*** Block opens ***

(* Let $w\in G(e,e,n)$ and for $1\le i\le n$ let $c_i$ be the column with $a_i:=w[i,c_i]\neq 0$. (1) Let $n\ge 3$ and $3\le i\le n$. (a) If $c_{i-1}<c_i$, then $\ell(s_iw)=\ell(w)-1$ if and only if $a_i\neq 1$. (b) If $c_{i-1}>c_i$, then $\ell(s_iw)=\ell(w)-1$ if and only if $a_{i-1}=1$. (2) If $c_1<c_2$, then for every $0\le k\le e-1$: $\ell(t_kw)=\ell(w)-1$ if and only if $a_2\neq 1$. (3) If $c_1>c_2$, then for every $0\le k\le e-1$: $\ell(t_kw)=\ell(w)-1$ if and only if $a_1=\zeta_e^{-k}$.
   Context: Let $e\ge 2$, $n\ge 2$, $\zeta_e=e^{2\pi i/e}$. $G(e,e,n)$ is the group of $n\times n$ monomial matrices with nonzero entries $e$-th roots of unity whose product is $1$; $w[i,c]$ is the $(i,c)$ entry. For $i\in\mathbb{Z}/e\mathbb{Z}$, $t_i$ is the matrix with $(1,2)$ entry $\zeta_e^{-i}$, $(2,1)$ entry $\zeta_e^{i}$, $(j,j)$ entry $1$ for $3\le j\le n$, other entries $0$; for $3\le j\le n$, $s_j$ is the permutation matrix of the transposition $(j-1\ j)$. $X=\{t_0,\dots,t_{e-1},s_3,\dots,s_n\}$ and $\ell$ is the word length with respect to $X$. *)

theory Defs
  imports Complex_Main "HOL-Combinatorics.Permutations"
begin

text \<open>Matrices of size n are represented as functions nat \<Rightarrow> nat \<Rightarrow> complex,
  indexed by {1..n}, and zero outside {1..n} x {1..n}.\<close>

type_synonym cmat = "nat \<Rightarrow> nat \<Rightarrow> complex"

definition zeta :: "nat \<Rightarrow> complex" where
  "zeta e = cis (2 * pi / real e)"

definition mmult :: "nat \<Rightarrow> cmat \<Rightarrow> cmat \<Rightarrow> cmat" where
  "mmult n A B = (\<lambda>i j. if i \<in> {1..n} \<and> j \<in> {1..n}
                         then (\<Sum>k\<in>{1..n}. A i k * B k j) else 0)"

definition idmat :: "nat \<Rightarrow> cmat" where
  "idmat n = (\<lambda>i j. if i \<in> {1..n} \<and> i = j then 1 else 0)"

definition Geen :: "nat \<Rightarrow> nat \<Rightarrow> cmat set" where
  "Geen e n = {M. \<exists>\<sigma> a. \<sigma> permutes {1..n} \<and>
       (\<forall>i\<in>{1..n}. a i ^ e = 1) \<and> (\<Prod>i\<in>{1..n}. a i) = 1 \<and>
       (\<forall>i j. M i j = (if i \<in> {1..n} \<and> j = \<sigma> i then a i else 0))}"

definition tgen :: "nat \<Rightarrow> nat \<Rightarrow> nat \<Rightarrow> cmat" where
  "tgen e n k = (\<lambda>i j.
      if i = 1 \<and> j = 2 then inverse (zeta e ^ k)
      else if i = 2 \<and> j = 1 then zeta e ^ k
      else if 3 \<le> i \<and> i \<le> n \<and> i = j then 1 else 0)"

definition sgen :: "nat \<Rightarrow> nat \<Rightarrow> cmat" where
  "sgen n j = (\<lambda>a b. if a \<in> {1..n} \<and>
      b = (if a = j - 1 then j else if a = j then j - 1 else a) then 1 else 0)"

definition gens :: "nat \<Rightarrow> nat \<Rightarrow> cmat set" where
  "gens e n = {tgen e n k | k. k < e} \<union> {sgen n j | j. 3 \<le> j \<and> j \<le> n}"

definition wprod :: "nat \<Rightarrow> cmat list \<Rightarrow> cmat" where
  "wprod n ws = foldr (mmult n) ws (idmat n)"

definition wlen :: "nat \<Rightarrow> nat \<Rightarrow> cmat \<Rightarrow> nat" where
  "wlen e n w = (LEAST m. \<exists>ws. length ws = m \<and> set ws \<subseteq> gens e n \<and> wprod n ws = w)"

end

theory Submission
  imports Defs
begin

(* Write an element of G(e,e,n) as the monomial matrix with entry a i at (i, \<sigma> i), and let
   row i contribute #{j > i. \<sigma> j < \<sigma> i} if a i = 1 and \<sigma> i - 1 + #{j < i. \<sigma> j < \<sigma> i} otherwise.
   Left multiplication by s_i or t_k swaps two adjacent rows (t_k also rescales them), and a
   direct count shows that the sum of these contributions changes by exactly +1 or -1, with the
   sign given by the three criteria of the theorem.  Hence the sum is a lower bound for the word
   length.  Conversely every non-identity element admits a generator lowering the sum: if no
   generator does, the columns increase from row to row and all entries are 1.  So the sum is
   the word length, and the criteria follow. *)

section \<open>Monomial matrices\<close>

definition monomial_mat :: "nat \<Rightarrow> (nat \<Rightarrow> nat) \<Rightarrow> (nat \<Rightarrow> complex) \<Rightarrow> cmat" where
  "monomial_mat n \<sigma> a = (\<lambda>i j. if i \<in> {1..n} \<and> j = \<sigma> i then a i else 0)"

definition Geen_data :: "nat \<Rightarrow> nat \<Rightarrow> (nat \<Rightarrow> nat) \<Rightarrow> (nat \<Rightarrow> complex) \<Rightarrow> bool" where
  "Geen_data e n \<sigma> a \<longleftrightarrow>
     \<sigma> permutes {1..n} \<and> (\<forall>i\<in>{1..n}. a i ^ e = 1) \<and> (\<Prod>i\<in>{1..n}. a i) = 1"

lemma Geen_eq: "Geen e n = {monomial_mat n \<sigma> a | \<sigma> a. Geen_data e n \<sigma> a}"
  unfolding Geen_def Geen_data_def monomial_mat_def by (auto simp: fun_eq_iff)

lemma mmult_monomial_mat:
  assumes "\<forall>i\<in>{1..n}. \<tau> i \<in> {1..n}" and "\<forall>i\<in>{1..n}. \<sigma> i \<in> {1..n}"
  shows "mmult n (monomial_mat n \<tau> d) (monomial_mat n \<sigma> a)
           = monomial_mat n (\<sigma> \<circ> \<tau>) (\<lambda>i. d i * a (\<tau> i))"
proof (intro ext)
  fix i j
  show "mmult n (monomial_mat n \<tau> d) (monomial_mat n \<sigma> a) i j = monomial_mat n (\<sigma> \<circ> \<tau>) (\<lambda>i. d i * a (\<tau> i)) i j"
  proof (cases "i \<in> {1..n} \<and> j \<in> {1..n}")
    case True
    have "(\<Sum>k\<in>{1..n}. monomial_mat n \<tau> d i k * monomial_mat n \<sigma> a k j)
        = (\<Sum>k\<in>{1..n}. if k = \<tau> i then d i * (if j = \<sigma> k then a k else 0) else 0)"
      using True by (intro sum.cong) (auto simp: monomial_mat_def)
    also have "\<dots> = d i * (if j = \<sigma> (\<tau> i) then a (\<tau> i) else 0)"
      using assms True by simp
    finally show ?thesis
      using True by (simp add: mmult_def monomial_mat_def)
  qed (use assms in \<open>auto simp: mmult_def monomial_mat_def\<close>)
qed

lemma monomial_mat_eqD:
  assumes "monomial_mat n \<sigma> a = monomial_mat n \<sigma>' a'" and "i \<in> {1..n}" and "a i \<noteq> 0"
  shows "\<sigma>' i = \<sigma> i \<and> a' i = a i"
proof -
  have "monomial_mat n \<sigma> a i (\<sigma> i) = monomial_mat n \<sigma>' a' i (\<sigma> i)"
    using assms(1) by simp
  with assms(2,3) show ?thesis
    by (auto simp: monomial_mat_def split: if_splits)
qed

lemma monomial_mat_eq_idmat:
  "\<forall>i\<in>{1..n}. \<sigma> i = i \<and> a i = 1 \<Longrightarrow> monomial_mat n \<sigma> a = idmat n"
  by (auto simp: idmat_def monomial_mat_def fun_eq_iff)

lemma sgen_eq: "sgen n i = monomial_mat n (transpose (i - 1) i) (\<lambda>_. 1)"
  by (simp add: sgen_def monomial_mat_def transpose_def fun_eq_iff)

definition tgen_diag :: "nat \<Rightarrow> nat \<Rightarrow> nat \<Rightarrow> complex" where
  "tgen_diag e k i = (if i = 1 then inverse (zeta e ^ k) else if i = 2 then zeta e ^ k else 1)"

lemma tgen_eq: "2 \<le> n \<Longrightarrow> tgen e n k = monomial_mat n (transpose 1 2) (tgen_diag e k)"
  by (auto simp: tgen_def monomial_mat_def tgen_diag_def transpose_def fun_eq_iff)

lemma zeta_nonzero [simp]: "zeta e \<noteq> 0"
  by (simp add: zeta_def)

lemma zeta_power_eq_1: "0 < e \<Longrightarrow> zeta e ^ e = 1"
  by (simp add: zeta_def DeMoivre complex_eq_iff)

lemma root_of_unity_eq_inverse_zeta_power:
  assumes "0 < e" and "x ^ e = (1::complex)"
  obtains k where "k < e" and "x = inverse (zeta e ^ k)"
proof -
  have "inverse x ^ e = 1"
    using assms by (simp add: power_inverse)
  then obtain k where k: "k < e" "inverse x = cis (2 * pi * real k / real e)"
    using bij_betw_roots_unity[OF assms(1)] unfolding bij_betw_def by auto
  have "zeta e ^ k = cis (2 * pi * real k / real e)"
    by (simp add: zeta_def DeMoivre mult_ac)
  with k that show ?thesis
    by (metis inverse_inverse_eq)
qed

section \<open>Left multiplication by the generators\<close>

definition tgen_coeffs :: "nat \<Rightarrow> nat \<Rightarrow> (nat \<Rightarrow> complex) \<Rightarrow> nat \<Rightarrow> complex" where
  "tgen_coeffs e k a = (\<lambda>i. tgen_diag e k i * a (transpose 1 2 i))"

lemma tgen_coeffs_tgen_coeffs [simp]: "tgen_coeffs e k (tgen_coeffs e k a) = a"
  by (auto simp: tgen_coeffs_def tgen_diag_def fun_eq_iff transpose_def)

lemma permutes_interval_maps_to:
  "\<sigma> permutes {1..n} \<Longrightarrow> \<forall>i\<in>{1..n}. \<sigma> i \<in> {1..n}"
  by (meson permutes_in_image)

lemma sgen_mult_monomial_mat:
  assumes "2 \<le> i" "i \<le> n" and "\<sigma> permutes {1..n}"
  shows "mmult n (sgen n i) (monomial_mat n \<sigma> a)
           = monomial_mat n (\<sigma> \<circ> transpose (i - 1) i) (a \<circ> transpose (i - 1) i)"
proof -
  have "transpose (i - 1) i permutes {1..n}"
    using assms by (intro permutes_swap_id) auto
  from mmult_monomial_mat[OF permutes_interval_maps_to[OF this]
      permutes_interval_maps_to[OF assms(3)], of "\<lambda>_. 1" a]
  show ?thesis by (simp add: sgen_eq comp_def)
qed

lemma tgen_mult_monomial_mat:
  assumes "2 \<le> n" and "\<sigma> permutes {1..n}"
  shows "mmult n (tgen e n k) (monomial_mat n \<sigma> a)
           = monomial_mat n (\<sigma> \<circ> transpose 1 2) (tgen_coeffs e k a)"
proof -
  have "transpose 1 2 permutes {1..n}"
    using assms by (intro permutes_swap_id) auto
  from mmult_monomial_mat[OF permutes_interval_maps_to[OF this]
      permutes_interval_maps_to[OF assms(2)], of "tgen_diag e k" a]
  show ?thesis using assms(1) by (simp add: tgen_eq tgen_coeffs_def)
qed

*** Block closes ***

Your reply should be one number, the count of lines in the data that include the word "section".

2